Task →
Give back an exact copy of the lines in the records below, from the line that has "for Q where" through the line that has "Q \<Longrightarrow> fa_scale", and nothing besides.

(Collected data entries)
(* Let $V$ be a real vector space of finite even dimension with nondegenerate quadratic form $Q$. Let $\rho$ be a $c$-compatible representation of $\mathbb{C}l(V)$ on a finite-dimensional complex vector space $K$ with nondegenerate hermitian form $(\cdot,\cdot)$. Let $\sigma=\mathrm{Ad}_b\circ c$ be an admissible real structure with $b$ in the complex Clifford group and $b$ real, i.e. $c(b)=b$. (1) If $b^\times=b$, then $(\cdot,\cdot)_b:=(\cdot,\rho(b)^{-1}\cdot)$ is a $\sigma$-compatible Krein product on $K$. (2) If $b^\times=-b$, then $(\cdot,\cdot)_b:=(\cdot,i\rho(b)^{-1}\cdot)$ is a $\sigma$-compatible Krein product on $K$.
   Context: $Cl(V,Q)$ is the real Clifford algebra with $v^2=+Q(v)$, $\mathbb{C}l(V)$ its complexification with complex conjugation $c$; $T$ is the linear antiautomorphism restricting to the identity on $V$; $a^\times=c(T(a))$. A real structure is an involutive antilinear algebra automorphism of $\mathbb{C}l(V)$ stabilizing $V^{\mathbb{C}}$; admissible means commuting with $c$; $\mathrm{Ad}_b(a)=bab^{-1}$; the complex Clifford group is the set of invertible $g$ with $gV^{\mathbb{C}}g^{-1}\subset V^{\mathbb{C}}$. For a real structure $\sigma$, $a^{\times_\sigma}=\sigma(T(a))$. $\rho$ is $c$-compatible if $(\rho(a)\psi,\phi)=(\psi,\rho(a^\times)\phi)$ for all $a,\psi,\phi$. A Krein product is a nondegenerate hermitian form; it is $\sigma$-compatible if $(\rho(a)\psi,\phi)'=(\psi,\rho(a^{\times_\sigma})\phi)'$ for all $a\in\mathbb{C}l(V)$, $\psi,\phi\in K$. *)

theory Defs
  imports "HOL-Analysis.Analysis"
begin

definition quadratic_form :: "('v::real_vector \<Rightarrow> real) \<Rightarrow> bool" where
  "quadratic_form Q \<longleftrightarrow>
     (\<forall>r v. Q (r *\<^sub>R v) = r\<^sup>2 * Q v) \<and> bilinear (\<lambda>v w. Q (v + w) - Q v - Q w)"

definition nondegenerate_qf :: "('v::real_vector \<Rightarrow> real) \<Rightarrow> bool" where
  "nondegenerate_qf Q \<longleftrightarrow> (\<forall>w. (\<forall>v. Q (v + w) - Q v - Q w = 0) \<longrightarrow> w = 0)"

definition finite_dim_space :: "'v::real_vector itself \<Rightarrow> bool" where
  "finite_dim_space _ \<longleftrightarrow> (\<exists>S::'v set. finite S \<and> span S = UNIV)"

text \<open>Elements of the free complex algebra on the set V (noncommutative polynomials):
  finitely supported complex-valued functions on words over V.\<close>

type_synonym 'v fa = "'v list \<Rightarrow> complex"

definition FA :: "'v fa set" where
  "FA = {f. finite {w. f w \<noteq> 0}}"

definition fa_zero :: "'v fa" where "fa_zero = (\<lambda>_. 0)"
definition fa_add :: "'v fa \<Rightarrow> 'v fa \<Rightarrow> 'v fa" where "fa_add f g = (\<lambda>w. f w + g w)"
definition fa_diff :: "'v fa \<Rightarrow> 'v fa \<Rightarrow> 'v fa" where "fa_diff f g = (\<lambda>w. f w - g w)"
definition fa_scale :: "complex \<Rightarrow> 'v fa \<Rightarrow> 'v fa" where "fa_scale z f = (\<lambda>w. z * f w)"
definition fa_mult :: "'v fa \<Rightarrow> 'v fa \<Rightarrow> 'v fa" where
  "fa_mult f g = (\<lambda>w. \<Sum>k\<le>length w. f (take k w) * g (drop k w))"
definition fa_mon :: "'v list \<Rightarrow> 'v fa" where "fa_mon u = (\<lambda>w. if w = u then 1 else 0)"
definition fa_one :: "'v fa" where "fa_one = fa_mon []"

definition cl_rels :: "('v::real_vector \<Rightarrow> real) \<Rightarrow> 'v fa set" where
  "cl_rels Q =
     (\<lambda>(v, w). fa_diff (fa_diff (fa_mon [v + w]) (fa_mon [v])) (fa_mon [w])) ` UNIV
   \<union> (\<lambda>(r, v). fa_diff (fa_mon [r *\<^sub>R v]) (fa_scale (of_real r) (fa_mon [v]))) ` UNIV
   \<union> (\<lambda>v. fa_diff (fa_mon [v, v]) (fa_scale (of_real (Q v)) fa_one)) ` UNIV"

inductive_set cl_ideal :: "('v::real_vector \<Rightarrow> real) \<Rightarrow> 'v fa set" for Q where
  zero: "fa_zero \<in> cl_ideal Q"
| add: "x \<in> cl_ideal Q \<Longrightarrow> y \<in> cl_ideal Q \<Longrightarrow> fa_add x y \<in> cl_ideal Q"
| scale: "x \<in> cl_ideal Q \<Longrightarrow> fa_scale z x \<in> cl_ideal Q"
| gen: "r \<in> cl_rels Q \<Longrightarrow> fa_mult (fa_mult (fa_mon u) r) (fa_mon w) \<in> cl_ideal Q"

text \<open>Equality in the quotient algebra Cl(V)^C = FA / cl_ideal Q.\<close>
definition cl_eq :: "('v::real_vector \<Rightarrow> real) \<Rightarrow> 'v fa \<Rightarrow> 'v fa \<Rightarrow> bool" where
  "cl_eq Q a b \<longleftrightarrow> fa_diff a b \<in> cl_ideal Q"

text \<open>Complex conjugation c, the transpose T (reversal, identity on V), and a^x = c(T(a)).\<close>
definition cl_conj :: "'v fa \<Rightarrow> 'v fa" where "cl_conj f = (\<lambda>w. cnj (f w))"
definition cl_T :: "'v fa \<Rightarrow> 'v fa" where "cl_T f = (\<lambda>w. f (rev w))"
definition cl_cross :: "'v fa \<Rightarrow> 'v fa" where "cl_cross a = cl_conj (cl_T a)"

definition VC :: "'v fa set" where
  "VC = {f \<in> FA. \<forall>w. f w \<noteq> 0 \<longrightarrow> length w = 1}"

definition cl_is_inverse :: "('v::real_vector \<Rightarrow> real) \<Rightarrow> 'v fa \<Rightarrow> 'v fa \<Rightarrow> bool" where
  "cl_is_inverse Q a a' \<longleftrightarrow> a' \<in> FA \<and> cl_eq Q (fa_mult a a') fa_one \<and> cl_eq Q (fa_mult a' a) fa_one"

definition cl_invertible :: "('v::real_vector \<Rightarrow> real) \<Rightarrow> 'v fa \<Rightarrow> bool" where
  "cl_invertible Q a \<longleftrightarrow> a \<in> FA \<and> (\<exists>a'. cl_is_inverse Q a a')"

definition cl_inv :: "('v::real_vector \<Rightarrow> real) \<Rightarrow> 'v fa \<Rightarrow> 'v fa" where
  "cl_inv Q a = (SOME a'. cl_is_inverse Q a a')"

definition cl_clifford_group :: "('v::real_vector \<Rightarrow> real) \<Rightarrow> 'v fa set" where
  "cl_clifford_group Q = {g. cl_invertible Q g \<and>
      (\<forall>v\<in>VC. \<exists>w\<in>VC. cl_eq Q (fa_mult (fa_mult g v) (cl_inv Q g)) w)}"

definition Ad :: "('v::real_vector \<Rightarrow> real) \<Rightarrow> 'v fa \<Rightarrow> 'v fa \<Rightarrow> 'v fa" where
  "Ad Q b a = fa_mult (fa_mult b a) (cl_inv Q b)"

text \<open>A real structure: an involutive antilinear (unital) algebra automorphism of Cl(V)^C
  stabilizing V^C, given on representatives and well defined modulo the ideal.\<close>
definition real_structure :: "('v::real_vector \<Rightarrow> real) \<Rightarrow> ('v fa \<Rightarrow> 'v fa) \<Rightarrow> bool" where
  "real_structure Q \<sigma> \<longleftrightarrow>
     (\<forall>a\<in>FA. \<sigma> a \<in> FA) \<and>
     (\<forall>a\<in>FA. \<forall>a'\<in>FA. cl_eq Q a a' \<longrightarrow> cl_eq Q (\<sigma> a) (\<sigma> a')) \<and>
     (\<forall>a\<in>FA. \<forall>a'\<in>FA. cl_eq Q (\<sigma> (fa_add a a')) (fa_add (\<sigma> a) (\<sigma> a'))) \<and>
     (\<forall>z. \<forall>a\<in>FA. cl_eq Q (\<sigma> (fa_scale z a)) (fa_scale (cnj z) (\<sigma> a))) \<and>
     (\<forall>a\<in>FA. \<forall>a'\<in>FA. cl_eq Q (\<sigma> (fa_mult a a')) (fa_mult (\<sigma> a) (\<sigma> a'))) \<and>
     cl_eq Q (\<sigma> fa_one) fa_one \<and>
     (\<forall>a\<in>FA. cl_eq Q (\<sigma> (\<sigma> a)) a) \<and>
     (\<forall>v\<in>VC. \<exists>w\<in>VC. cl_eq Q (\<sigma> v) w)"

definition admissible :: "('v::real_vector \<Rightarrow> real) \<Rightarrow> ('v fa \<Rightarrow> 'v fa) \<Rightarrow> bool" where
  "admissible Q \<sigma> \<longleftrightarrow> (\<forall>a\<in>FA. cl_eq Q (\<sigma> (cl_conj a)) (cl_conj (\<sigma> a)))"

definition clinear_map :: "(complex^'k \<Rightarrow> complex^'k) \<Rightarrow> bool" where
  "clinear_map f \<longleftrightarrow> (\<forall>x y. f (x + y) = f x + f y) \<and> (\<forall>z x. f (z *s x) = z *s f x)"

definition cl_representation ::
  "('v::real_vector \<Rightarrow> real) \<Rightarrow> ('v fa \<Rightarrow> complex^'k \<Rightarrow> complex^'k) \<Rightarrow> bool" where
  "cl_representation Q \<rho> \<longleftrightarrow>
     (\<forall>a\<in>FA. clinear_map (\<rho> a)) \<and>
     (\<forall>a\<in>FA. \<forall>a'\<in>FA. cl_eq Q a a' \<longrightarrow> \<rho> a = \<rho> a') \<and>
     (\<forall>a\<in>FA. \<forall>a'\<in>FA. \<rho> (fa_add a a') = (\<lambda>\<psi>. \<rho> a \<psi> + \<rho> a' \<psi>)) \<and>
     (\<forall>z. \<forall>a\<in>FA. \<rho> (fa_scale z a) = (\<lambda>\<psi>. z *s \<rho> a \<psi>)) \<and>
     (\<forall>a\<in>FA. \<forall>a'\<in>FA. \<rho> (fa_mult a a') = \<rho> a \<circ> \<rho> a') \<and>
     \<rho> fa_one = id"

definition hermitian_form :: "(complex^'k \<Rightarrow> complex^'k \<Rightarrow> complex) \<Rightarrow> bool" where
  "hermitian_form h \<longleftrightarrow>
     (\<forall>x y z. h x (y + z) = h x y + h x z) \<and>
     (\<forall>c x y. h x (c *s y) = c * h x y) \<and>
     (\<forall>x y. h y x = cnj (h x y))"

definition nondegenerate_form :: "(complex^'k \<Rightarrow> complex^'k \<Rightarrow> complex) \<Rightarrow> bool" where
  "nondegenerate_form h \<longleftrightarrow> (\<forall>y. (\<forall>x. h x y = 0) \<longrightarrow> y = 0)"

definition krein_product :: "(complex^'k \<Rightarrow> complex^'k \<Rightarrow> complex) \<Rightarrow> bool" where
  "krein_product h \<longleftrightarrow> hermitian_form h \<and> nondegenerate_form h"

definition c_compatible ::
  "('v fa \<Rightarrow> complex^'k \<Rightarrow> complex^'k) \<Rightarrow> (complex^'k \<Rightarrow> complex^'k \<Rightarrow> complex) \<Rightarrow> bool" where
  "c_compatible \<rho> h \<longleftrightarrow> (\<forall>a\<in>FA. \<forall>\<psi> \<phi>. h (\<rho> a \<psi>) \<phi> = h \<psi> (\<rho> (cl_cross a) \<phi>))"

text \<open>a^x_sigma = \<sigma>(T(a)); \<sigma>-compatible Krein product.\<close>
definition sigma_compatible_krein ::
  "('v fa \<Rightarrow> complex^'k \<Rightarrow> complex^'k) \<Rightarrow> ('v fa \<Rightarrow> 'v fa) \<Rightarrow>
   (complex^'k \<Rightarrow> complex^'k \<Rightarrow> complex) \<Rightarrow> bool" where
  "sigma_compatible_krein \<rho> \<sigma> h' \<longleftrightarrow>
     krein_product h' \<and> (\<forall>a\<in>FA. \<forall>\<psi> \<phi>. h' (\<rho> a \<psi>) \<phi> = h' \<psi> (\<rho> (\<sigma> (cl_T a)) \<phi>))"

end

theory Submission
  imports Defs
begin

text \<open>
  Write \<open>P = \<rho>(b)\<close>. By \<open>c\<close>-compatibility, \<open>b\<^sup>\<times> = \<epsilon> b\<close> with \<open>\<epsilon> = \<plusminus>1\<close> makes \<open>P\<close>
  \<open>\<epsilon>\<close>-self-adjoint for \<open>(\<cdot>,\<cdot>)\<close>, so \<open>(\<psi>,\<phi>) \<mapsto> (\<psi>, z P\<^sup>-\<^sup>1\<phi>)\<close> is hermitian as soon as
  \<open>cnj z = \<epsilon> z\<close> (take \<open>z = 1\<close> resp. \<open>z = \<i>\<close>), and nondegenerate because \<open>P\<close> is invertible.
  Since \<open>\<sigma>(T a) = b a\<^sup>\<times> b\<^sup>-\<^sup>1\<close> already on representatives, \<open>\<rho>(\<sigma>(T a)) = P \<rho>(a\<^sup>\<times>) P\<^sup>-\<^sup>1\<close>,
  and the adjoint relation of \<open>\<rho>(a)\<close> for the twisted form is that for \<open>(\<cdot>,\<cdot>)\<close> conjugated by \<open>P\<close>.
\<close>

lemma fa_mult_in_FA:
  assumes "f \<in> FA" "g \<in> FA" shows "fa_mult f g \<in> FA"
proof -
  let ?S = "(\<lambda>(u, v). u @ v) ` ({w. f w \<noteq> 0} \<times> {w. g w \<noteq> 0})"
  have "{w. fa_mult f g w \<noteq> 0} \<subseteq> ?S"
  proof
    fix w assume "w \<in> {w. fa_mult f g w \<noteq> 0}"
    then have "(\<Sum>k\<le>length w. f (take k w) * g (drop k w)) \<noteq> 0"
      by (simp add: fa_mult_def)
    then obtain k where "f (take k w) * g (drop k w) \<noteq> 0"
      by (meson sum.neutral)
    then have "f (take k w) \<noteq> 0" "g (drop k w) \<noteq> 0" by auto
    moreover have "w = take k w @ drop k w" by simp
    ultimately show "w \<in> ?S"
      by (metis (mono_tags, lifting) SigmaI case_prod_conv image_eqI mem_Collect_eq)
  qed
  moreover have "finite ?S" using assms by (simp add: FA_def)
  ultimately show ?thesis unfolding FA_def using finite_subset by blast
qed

Written answer →
inductive_set cl_ideal :: "('v::real_vector \<Rightarrow> real) \<Rightarrow> 'v fa set" for Q where
  zero: "fa_zero \<in> cl_ideal Q"
| add: "x \<in> cl_ideal Q \<Longrightarrow> y \<in> cl_ideal Q \<Longrightarrow> fa_add x y \<in> cl_ideal Q"
| scale: "x \<in> cl_ideal Q \<Longrightarrow> fa_scale z x \<in> cl_ideal Q"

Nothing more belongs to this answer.